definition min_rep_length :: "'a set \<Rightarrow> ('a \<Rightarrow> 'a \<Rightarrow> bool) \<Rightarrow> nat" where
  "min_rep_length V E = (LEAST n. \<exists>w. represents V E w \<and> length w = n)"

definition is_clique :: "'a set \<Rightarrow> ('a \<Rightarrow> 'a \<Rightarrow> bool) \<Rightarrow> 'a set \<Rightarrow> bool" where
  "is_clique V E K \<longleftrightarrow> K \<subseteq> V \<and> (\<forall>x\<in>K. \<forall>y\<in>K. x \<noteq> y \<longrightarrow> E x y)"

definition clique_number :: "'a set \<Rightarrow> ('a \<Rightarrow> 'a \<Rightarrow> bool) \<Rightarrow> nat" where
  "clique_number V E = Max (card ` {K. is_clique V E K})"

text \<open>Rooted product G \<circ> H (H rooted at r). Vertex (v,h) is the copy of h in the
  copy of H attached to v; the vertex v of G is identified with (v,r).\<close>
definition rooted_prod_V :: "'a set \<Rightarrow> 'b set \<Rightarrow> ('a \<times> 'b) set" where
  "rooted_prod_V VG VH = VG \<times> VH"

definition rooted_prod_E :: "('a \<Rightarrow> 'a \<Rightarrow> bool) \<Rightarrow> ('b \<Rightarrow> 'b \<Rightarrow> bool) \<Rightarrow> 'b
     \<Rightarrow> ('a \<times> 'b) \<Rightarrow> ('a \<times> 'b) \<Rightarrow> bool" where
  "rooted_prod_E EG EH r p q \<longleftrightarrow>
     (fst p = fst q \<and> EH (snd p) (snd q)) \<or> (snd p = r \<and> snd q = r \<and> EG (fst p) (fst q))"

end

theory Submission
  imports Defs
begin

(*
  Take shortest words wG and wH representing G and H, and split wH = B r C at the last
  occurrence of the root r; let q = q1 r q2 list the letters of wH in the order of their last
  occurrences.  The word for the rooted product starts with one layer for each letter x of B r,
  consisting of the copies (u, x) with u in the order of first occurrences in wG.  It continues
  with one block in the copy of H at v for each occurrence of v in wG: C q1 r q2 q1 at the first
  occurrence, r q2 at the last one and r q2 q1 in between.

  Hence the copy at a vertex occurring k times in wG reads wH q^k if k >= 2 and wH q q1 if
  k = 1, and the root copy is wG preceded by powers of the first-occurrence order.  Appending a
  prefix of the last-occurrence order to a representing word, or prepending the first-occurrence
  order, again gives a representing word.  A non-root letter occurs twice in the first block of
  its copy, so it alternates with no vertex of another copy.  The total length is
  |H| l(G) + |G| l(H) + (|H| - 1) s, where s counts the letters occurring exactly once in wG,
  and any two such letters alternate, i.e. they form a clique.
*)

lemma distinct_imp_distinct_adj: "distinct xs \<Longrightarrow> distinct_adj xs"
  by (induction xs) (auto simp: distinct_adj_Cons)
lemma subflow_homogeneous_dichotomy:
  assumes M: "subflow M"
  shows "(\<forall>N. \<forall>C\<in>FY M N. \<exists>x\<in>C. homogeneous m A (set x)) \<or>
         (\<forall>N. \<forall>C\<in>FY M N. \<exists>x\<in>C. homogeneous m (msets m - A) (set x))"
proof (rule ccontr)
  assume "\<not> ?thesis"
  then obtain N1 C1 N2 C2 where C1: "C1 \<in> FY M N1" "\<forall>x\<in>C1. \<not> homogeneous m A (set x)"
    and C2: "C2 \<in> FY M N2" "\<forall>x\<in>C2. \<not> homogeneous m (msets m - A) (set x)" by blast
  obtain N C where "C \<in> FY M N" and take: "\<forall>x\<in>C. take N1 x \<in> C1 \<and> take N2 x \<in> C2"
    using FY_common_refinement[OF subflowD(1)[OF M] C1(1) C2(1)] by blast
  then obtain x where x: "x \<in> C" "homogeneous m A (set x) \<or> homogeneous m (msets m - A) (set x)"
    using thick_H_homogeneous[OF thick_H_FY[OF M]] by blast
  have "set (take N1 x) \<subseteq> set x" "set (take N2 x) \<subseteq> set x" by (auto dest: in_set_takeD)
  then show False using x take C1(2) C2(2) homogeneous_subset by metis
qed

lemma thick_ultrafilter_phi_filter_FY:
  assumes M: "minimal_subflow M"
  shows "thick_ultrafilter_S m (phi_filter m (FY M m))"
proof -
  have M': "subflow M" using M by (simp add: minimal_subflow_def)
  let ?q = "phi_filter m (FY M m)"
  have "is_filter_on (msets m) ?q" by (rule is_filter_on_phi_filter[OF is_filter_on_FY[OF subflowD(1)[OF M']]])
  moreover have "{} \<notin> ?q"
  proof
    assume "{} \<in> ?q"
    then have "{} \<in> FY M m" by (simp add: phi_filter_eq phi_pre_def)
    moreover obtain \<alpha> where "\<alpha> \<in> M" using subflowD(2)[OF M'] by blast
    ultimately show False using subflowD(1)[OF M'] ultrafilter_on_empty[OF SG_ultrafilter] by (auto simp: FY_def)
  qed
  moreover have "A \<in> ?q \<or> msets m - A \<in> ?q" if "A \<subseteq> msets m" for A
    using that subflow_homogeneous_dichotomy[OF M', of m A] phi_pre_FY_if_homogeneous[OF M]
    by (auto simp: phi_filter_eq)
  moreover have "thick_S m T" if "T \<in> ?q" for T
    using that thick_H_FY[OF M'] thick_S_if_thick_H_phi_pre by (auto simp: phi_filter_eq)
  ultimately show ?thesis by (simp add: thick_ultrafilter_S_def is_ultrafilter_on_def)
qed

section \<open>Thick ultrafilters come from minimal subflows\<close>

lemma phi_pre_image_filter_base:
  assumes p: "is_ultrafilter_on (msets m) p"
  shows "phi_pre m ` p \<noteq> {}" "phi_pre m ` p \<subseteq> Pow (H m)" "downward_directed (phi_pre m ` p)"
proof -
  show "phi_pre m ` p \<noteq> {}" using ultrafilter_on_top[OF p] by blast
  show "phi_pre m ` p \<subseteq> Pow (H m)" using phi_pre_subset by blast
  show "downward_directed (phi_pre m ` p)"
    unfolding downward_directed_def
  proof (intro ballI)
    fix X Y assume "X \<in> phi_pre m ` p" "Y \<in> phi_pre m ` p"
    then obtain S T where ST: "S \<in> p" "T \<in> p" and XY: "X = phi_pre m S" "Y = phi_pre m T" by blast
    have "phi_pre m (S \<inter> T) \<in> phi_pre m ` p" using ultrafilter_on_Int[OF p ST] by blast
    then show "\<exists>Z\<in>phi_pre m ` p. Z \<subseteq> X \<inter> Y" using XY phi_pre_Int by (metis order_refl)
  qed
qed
::::::::::
Among the lines above, find those with the word "longleftrightarrow". Copy them.

Your response:
  "is_clique V E K \<longleftrightarrow> K \<subseteq> V \<and> (\<forall>x\<in>K. \<forall>y\<in>K. x \<noteq> y \<longrightarrow> E x y)"
  "rooted_prod_E EG EH r p q \<longleftrightarrow>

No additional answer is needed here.